<<<<

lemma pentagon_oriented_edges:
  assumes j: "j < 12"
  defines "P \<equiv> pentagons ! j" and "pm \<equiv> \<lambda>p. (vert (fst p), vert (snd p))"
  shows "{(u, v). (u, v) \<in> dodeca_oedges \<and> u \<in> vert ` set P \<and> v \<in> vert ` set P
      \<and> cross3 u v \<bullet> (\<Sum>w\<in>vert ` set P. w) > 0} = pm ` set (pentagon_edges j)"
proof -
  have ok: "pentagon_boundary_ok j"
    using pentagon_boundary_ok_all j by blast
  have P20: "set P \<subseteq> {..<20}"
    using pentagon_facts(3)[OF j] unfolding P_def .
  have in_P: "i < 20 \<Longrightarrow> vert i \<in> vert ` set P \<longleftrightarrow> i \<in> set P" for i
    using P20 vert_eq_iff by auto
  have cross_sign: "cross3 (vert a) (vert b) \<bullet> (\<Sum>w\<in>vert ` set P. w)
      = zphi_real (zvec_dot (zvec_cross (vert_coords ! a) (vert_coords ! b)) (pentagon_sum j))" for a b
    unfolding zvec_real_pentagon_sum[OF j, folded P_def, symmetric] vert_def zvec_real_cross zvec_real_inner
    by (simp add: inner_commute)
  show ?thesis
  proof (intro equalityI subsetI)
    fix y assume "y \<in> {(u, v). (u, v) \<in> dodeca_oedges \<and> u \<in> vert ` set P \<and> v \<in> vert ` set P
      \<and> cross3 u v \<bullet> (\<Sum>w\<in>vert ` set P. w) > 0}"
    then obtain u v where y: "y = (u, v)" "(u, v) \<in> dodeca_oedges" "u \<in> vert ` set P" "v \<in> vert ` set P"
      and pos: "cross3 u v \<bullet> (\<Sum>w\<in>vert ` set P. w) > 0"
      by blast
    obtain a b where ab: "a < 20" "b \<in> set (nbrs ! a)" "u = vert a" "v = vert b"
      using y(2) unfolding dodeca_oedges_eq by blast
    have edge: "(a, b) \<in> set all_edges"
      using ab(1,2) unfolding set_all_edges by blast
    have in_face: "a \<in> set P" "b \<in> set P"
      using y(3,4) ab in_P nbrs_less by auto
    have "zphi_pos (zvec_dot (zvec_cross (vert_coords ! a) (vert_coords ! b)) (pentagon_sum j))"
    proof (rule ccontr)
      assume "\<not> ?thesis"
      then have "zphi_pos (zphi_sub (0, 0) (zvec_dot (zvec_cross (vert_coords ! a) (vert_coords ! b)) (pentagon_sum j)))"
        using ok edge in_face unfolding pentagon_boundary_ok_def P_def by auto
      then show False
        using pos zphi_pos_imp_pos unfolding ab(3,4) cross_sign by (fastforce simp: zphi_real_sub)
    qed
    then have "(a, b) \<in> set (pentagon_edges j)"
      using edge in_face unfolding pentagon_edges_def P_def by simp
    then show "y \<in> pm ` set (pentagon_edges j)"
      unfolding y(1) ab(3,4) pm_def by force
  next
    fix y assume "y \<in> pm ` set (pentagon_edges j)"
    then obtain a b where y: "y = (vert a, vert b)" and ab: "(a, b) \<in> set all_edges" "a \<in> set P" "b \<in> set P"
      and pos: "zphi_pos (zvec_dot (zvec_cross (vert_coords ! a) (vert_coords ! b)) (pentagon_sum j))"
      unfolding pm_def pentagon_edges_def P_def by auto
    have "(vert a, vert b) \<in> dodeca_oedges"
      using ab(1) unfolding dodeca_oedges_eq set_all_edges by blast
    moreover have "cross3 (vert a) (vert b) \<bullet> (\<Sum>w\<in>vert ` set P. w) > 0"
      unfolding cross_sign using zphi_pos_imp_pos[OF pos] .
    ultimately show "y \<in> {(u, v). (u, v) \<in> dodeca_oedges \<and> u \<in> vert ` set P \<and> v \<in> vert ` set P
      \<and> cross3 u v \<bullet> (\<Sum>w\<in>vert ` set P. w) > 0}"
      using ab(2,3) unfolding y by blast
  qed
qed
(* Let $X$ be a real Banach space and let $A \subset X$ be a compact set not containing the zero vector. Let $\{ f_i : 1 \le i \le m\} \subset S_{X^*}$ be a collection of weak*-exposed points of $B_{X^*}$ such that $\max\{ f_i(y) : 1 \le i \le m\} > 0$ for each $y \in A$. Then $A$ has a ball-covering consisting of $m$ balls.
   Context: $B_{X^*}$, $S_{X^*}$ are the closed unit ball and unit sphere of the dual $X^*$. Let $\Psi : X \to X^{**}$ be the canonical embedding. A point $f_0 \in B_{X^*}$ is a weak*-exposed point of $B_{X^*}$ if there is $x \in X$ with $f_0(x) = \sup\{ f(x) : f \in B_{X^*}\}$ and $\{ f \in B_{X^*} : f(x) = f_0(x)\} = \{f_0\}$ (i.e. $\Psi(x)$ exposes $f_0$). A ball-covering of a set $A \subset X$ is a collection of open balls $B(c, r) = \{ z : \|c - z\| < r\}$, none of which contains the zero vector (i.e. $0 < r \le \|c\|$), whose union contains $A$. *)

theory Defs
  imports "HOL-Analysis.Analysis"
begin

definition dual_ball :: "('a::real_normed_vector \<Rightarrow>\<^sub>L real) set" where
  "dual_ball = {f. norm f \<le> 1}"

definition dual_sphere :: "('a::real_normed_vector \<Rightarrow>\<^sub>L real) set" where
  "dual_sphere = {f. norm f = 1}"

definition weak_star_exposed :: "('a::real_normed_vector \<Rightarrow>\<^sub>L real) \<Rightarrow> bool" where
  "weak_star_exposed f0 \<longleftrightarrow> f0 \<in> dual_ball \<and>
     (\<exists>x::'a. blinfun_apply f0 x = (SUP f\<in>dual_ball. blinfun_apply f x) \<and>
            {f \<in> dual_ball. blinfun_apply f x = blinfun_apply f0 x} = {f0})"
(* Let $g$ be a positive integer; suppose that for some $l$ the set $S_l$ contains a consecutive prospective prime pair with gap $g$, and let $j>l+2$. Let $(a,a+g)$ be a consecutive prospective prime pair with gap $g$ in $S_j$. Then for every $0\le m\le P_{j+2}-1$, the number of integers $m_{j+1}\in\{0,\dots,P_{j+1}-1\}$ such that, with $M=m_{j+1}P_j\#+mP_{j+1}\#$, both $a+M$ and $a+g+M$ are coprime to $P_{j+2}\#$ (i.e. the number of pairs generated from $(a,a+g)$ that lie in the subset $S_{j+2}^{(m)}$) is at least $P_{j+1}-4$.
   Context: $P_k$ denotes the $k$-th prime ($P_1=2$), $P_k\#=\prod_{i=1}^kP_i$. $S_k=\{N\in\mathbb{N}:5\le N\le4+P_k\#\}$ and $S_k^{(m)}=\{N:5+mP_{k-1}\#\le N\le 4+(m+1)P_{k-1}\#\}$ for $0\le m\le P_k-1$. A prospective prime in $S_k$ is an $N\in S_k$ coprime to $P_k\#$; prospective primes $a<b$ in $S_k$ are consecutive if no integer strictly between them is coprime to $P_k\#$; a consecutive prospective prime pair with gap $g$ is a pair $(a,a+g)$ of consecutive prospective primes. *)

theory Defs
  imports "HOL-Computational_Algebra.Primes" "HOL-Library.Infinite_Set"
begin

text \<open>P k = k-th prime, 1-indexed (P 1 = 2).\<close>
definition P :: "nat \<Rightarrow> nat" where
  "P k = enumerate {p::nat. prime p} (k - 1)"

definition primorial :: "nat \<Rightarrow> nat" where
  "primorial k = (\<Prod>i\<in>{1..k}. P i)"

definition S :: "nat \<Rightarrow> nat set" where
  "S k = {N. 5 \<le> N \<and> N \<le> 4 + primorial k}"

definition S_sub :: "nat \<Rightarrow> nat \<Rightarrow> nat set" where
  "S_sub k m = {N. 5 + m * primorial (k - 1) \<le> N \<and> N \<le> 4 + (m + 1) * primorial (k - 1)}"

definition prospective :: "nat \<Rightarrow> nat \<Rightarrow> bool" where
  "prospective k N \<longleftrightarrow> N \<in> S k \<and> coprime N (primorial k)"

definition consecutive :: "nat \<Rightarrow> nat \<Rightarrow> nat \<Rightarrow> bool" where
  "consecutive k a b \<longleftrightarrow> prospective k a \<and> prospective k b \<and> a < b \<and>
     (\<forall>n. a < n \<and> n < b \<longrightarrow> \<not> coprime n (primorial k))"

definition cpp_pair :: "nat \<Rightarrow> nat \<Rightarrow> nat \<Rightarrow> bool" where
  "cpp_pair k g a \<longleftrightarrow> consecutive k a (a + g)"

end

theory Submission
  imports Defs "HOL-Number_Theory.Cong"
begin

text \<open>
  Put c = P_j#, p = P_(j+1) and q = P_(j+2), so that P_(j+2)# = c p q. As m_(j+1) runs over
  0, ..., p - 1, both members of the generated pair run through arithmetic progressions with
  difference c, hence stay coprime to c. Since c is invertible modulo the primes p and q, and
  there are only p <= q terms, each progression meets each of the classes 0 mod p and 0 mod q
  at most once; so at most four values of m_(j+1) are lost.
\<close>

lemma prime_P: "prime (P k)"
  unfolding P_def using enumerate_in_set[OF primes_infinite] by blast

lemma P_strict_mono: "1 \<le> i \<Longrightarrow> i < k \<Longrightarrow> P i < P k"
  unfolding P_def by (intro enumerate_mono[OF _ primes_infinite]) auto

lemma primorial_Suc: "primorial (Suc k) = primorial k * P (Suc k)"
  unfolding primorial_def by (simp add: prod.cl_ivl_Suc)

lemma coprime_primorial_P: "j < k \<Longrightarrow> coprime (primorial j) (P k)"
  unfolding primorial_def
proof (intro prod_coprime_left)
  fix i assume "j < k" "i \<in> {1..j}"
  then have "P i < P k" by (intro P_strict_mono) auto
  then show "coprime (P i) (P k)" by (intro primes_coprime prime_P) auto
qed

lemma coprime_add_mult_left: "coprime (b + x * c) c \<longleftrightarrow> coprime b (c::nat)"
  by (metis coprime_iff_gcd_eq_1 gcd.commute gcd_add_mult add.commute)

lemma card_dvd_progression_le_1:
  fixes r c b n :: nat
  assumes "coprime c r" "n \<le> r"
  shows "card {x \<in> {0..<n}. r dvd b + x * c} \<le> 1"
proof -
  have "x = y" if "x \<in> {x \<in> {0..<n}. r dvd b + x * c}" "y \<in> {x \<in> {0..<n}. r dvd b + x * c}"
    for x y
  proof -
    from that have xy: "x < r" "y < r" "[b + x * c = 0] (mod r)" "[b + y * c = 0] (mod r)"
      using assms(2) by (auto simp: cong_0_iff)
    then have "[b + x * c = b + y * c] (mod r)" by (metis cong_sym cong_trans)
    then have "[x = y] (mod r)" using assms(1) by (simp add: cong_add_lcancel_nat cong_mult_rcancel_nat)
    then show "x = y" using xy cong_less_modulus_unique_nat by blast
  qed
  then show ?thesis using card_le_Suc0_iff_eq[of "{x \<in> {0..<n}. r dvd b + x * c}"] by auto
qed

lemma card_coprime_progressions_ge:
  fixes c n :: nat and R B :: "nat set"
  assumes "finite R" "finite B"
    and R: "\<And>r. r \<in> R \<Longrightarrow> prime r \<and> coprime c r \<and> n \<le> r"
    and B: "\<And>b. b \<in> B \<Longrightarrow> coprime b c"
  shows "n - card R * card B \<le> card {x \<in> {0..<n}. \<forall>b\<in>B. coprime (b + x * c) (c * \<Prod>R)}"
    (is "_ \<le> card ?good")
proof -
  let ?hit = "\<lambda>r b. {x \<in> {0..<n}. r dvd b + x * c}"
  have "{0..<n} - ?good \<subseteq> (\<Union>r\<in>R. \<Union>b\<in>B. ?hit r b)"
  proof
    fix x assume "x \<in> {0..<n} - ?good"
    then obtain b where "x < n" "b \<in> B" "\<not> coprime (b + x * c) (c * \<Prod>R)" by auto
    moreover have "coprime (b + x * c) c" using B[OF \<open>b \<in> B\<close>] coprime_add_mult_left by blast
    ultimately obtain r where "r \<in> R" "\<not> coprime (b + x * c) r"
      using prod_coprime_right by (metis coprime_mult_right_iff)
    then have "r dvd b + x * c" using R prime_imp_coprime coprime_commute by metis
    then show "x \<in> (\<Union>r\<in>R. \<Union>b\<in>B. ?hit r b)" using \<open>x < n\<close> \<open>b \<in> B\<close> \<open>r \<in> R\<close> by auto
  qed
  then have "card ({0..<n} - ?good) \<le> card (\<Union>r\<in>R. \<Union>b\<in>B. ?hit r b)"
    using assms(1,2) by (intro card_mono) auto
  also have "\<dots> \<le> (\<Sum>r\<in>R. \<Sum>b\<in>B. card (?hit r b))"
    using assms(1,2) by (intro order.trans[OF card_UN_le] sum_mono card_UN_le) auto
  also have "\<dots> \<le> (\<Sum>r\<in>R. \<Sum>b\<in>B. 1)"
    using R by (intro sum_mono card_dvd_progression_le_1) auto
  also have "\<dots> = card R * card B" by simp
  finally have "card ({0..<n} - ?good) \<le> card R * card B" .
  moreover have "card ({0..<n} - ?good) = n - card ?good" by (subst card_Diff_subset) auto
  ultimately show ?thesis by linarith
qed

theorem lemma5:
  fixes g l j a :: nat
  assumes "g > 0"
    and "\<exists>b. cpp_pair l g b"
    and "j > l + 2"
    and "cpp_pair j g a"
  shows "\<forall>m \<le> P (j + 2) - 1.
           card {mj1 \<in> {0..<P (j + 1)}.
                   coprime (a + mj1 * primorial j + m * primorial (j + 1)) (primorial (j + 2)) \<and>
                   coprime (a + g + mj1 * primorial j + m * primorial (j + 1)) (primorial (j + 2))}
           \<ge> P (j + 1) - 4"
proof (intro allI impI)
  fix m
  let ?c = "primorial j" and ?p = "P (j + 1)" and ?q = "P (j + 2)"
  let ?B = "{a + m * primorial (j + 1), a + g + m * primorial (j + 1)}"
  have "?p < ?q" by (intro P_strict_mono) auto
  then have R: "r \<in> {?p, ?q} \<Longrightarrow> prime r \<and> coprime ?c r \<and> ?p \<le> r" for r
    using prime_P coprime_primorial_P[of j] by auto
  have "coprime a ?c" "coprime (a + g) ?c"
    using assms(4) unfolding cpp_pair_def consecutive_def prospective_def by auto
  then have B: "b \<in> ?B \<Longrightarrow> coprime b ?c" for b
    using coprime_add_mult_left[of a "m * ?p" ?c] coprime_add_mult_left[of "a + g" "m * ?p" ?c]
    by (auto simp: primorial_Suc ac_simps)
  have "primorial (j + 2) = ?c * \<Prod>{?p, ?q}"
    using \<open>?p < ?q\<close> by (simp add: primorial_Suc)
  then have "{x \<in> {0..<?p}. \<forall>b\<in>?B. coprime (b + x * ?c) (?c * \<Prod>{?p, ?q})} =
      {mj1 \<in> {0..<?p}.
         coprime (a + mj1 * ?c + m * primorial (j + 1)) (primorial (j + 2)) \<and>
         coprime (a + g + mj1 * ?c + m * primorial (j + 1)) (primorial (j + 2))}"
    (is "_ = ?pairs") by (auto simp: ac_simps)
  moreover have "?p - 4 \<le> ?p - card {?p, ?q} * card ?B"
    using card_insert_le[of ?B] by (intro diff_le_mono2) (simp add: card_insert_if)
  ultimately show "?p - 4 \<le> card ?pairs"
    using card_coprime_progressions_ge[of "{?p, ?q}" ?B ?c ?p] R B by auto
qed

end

>>>>

→ **WORK TO BE COMPLETED**:
State how many lines of the data contain the word "thesis". Nothing besides the number belongs in the reply.

→ **THE COMPLETED TASK**:
4